With landfills around the country inching toward capacity and limited additional sites available hundreds of miles away at a premium, vertical walls are becoming popular. These structures, which range from 15-feet to 90-feet high, hold massive waste volumes and optimize existing footprints by raising the surface at sites without extending it laterally.
The economics appear to be good, as they dramatically extend landfills’ lives. But whether these projects are indeed financially viable depends on each site. While vertical walls have been around for a while, their design has evolved. As they are built taller and taller, some industry experts believe there are questions that have not been definitively answered, namely tied to long-term, post-closure considerations.
Today’s vertical landfill walls are typically mechanically stabilized earthen (MSE) structures. A wall facing holds soil to create a surface and is connected to geogrids. The geogrids are usually made of polyethylene or polypropylene and extend behind the wall and from bottom to top, placed in layers for reinforcement. These layers allow construction of a very steep vertical slope, instead of the standard angle of three horizontal to one vertical.
“By building an MSE vertical wall instead of a standard berm, you can increase the site’s operational life by 10 percent or more. But it adds cost, and you have to evaluate on a case-by-case basis to determine if it will work out economically,” says Tony Eith, vice president of Civil and Environmental Consultants Inc. (CEC). “How much is structural fill going to cost? How much wall do you want to build? You add that into your financial proforma, and then you decide.”

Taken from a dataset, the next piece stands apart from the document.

(* Let $x^*\in X$ satisfy $\langle F(x^* ),x-x^*\rangle\ge0$ for all $x\in X$ and, for some $\mu>0$, $\langle F(x),x-x^*\rangle\ge2\mu V(x,x^* )$ for all $x\in X$. Run the SBOE method with $p_i=\frac1b$ for all $i$ and, for all $t$, $$\gamma_t=\gamma=\frac1{2\bar Lb},\qquad\lambda_t=\frac{b+2(b-1)\mu\gamma}{1+2\mu\gamma},\qquad\theta_t=\Big(\frac{1+2\mu\gamma}{1+2\mu\gamma(b-1)/b}\Big)^t.$$ Then $$\mathbb{E}[V(x_{k+1},x^* )]\le2\Big(\frac{1+2\mu\frac{b-1}{b}\gamma}{1+2\mu\gamma}\Big)^k\Big[V(x_1,x^* )+\frac{b-1}{b}\gamma\langle F(x_1),x_1-x^*\rangle\Big],$$ where the expectation is over $i_1,\dots,i_k$.
   Context: Let $X=X_1\times\cdots\times X_b\subseteq\mathbb{R}^n$, where each $X_i\subseteq\mathbb{R}^{n_i}$ is nonempty closed convex and $n_1+\dots+n_b=n$; write $x=(x^{(1)},\dots,x^{(b)})$. Each $\mathbb{R}^{n_i}$ carries a norm $\|\cdot\|_i$ with dual norm $\|\cdot\|_{i,*}$; on $\mathbb{R}^n$ set $\|x\|^2=\sum_i\|x^{(i)}\|_i^2$ and $\|y\|_*^2=\sum_i\|y^{(i)}\|_{i,*}^2$. For $F:X\to\mathbb{R}^n$ let $F_i(x)$ be its $i$-th block; assume $\|F_i(x_1)-F_i(x_2)\|_{i,*}\le\bar L\|x_1-x_2\|$ for all $i$ and $x_1,x_2\in X$. For each $i$ let $\omega_i$ be strongly convex with modulus $1$ w.r.t. $\|\cdot\|_i$ on $X_i$, $V_i(u,v)=\omega_i(v)-\omega_i(u)-\langle\omega_i'(u),v-u\rangle$, and $V(x,y)=\sum_iV_i(x^{(i)},y^{(i)})$. SBOE method: given $x_0=x_1\in X$, nonnegative $\{\gamma_t\},\{\lambda_t\}$ and probabilities $p_1,\dots,p_b$; for $t=1,\dots,k$ draw $i_t$ with $\mathbb{P}(i_t=i)=p_i$ independently of the past, set $x_{t+1}^{(i_t)}=\operatorname{argmin}_{u\in X_{i_t}}\gamma_t\langle F_{i_t}(x_t)+\lambda_t(F_{i_t}(x_t)-F_{i_t}(x_{t-1})),u\rangle+V_{i_t}(x_t^{(i_t)},u)$ and $x_{t+1}^{(i)}=x_t^{(i)}$ for $i\ne i_t$. *)

theory Defs
  imports "HOL-Analysis.Analysis" "HOL-Probability.Probability"
begin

As a general guideline, says Eith, the minimum height that would be economically viable is 15 to 20 feet. But CEC has designed MSE walls that are 90 feet high around an entire perimeter, increasing the total life capacity from 25 million tons to 50 million tons.
While walls of this size aren’t standard, “it’s a possibility that, if the economics work, you can double the life for a given footprint,” says Eith.

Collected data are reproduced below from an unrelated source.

lemma clocks_ok_rung_since:
  assumes "clocks_ok V E R mk" "z \<in> V" "u \<in> V" "m \<in> R u"
    and "a \<le> s" "s < m" "R z \<inter> {s<..<m} = {}"
  shows "R z \<inter> {a<..m} \<noteq> {} \<longleftrightarrow> R z \<inter> {a<..s} \<noteq> {} \<or> z = u"
proof -
  have "m \<in> R z \<longleftrightarrow> z = u"
    using assms(1-4) unfolding clocks_ok_def by blast
  moreover have "R z \<inter> {a<..m} = R z \<inter> {a<..s} \<union> R z \<inter> {m}"
    using assms(5-7) by auto
  ultimately show ?thesis using \<open>m \<in> R u\<close> by auto
qed

lemma BS_evolution_constant:
  assumes "BS_evolution V E R mk \<eta>" "0 \<le> s" "s \<le> t" "\<forall>v\<in>V. R v \<inter> {s<..t} = {}"
  shows "\<eta> t = \<eta> s"
proof -
  have "\<forall>s t. 0 \<le> s \<and> s \<le> t \<and> (\<forall>x\<in>V. R x \<inter> {s<..t} = {}) \<longrightarrow> \<eta> t = \<eta> s"
    using assms(1) unfolding BS_evolution_def by (rule conjunct1[OF conjunct2])
  then show ?thesis
    using assms(2-4) by blast
qed

lemma BS_evolution_jump:
  assumes "BS_evolution V E R mk \<eta>" "u \<in> V" "m \<in> R u" "0 \<le> a" "a < m"
  obtains s where "a \<le> s" "s < m" "\<forall>v\<in>V. R v \<inter> {s<..<m} = {}"
    "\<eta> m = BS_step V E u (mk u m) (\<eta> s)"
proof -
  obtain s where s: "0 \<le> s" "s < m" "\<forall>v\<in>V. R v \<inter> {s..<m} = {}"
    and jump: "\<eta> m = BS_step V E u (mk u m) (\<eta> s)"
  proof -
    have "\<forall>x\<in>V. \<forall>t\<in>R x. \<exists>s. 0 \<le> s \<and> s < t \<and> (\<forall>y\<in>V. R y \<inter> {s..<t} = {}) \<and>
        \<eta> t = BS_step V E x (mk x t) (\<eta> s)"
      using assms(1) unfolding BS_evolution_def by (rule conjunct2[OF conjunct2])
    then have "\<exists>s. 0 \<le> s \<and> s < m \<and> (\<forall>v\<in>V. R v \<inter> {s..<m} = {}) \<and>
        \<eta> m = BS_step V E u (mk u m) (\<eta> s)"
      using assms(2,3) by blast
    then show ?thesis
      using that by blast
  qed
  show ?thesis
  proof (rule that[of "max s a"])
    have "R v \<inter> {max s a<..<m} \<subseteq> R v \<inter> {s..<m}" for v
      by auto
    then show "\<forall>v\<in>V. R v \<inter> {max s a<..<m} = {}"
      using s(3) by blast
    have "\<eta> (max s a) = \<eta> s"
    proof (cases "s < a")
      case True
      have "R v \<inter> {s<..a} \<subseteq> R v \<inter> {s..<m}" for v
        using \<open>a < m\<close> by auto
      then have "\<forall>v\<in>V. R v \<inter> {s<..a} = {}"
        using s(3) by blast
      then show ?thesis
        using BS_evolution_constant[OF assms(1) s(1), of a] True by simp
    qed simp
    then show "\<eta> m = BS_step V E u (mk u m) (\<eta> (max s a))"
      using jump by simp
  qed (use s(2) \<open>a < m\<close> in auto)
qed

lemma BS_step_unmuted:
  assumes "\<zeta> x = 0" "z \<in> nbhd E x"
  shows "BS_step V E x mark \<zeta> z = mark z"
  using assms unfolding BS_step_def by simp

lemma BS_step_keeps_zero:
  assumes "\<zeta> z = 0" "z \<in> nbhd E x \<Longrightarrow> mark z = 0"
  shows "BS_step V E x mark \<zeta> z = 0"
  using assms unfolding BS_step_def by auto

text \<open>Here rx and ry record whether the clocks of x and y have rung since the start of the
  block: a 0 at a vertex whose clock has not rung yet is as good as two zeros.\<close>
definition pair_zero_inv :: "('a \<Rightarrow> nat) \<Rightarrow> 'a \<Rightarrow> 'a \<Rightarrow> bool \<Rightarrow> bool \<Rightarrow> bool" where
  "pair_zero_inv \<zeta> x y rx ry \<longleftrightarrow>
     (\<zeta> x = 0 \<and> \<zeta> y = 0) \<or> (\<zeta> x = 0 \<and> \<not> rx) \<or> (\<zeta> y = 0 \<and> \<not> ry)"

There are undoubtedly potential for huge cost savings and substantially more airspace, says Bob Isenberg, senior vice president at SCS Engineers. “But while the economics look good during operations, you have a minimum 30-year, post-closure period where you should monitor the wall, and it can get expensive. Further, no landfill I know of has been through that 30-year, post-closure period with this wall. They shift over time, and if there is a problem, the cost could be significant because you are containing massive quantities of waste. You would not just be dealing with the wall repair, but environmental issues like leachate escaping as well.”
When operators do a cost estimate, they should look at long-term monitoring 30 or 40 years after closure as well as maintenance and repair.
Many regulatory agencies require that potential repair costs be included in the post-closure maintenance bond. This considers potential repair needs for the MSE wall facing, primarily. Annual inspection is recommended to monitor performance. Some agencies also require that slope inclinometers be installed and regularly monitored and evaluated relative to the berm and underlying soils to identify potential movement or deflection.
Quality assurance monitoring by a highly specialized team is critical during the design and build stage.
“The design requires an experienced and qualified engineer,” says Eith. “The construction requires a highly skilled contractor (not a landscape firm), and construction quality assurance must be provided by qualified and experienced engineers or technicians.”
Even before waste disposal operations decide to build, they have to look at the characteristics of the soil below the wall. The strength of soil must support the load or weight of the wall, and owners must establish the design parameters of reinforced fill, which is the earthen material that will comprise the wall.
“It’s important that designers, owners and regulators all work in tandem during design and construction to ensure proper monitoring and that a plan is in place to address problems if they occur,” says Isenberg.
If problems do occur, they are usually due to improper construction or improper management of stormwater runoff. But, asserts Eith, vertical geogrid and geotextile structures, when designed and incorporated well, will perform acceptably for the facilities’ long-term life.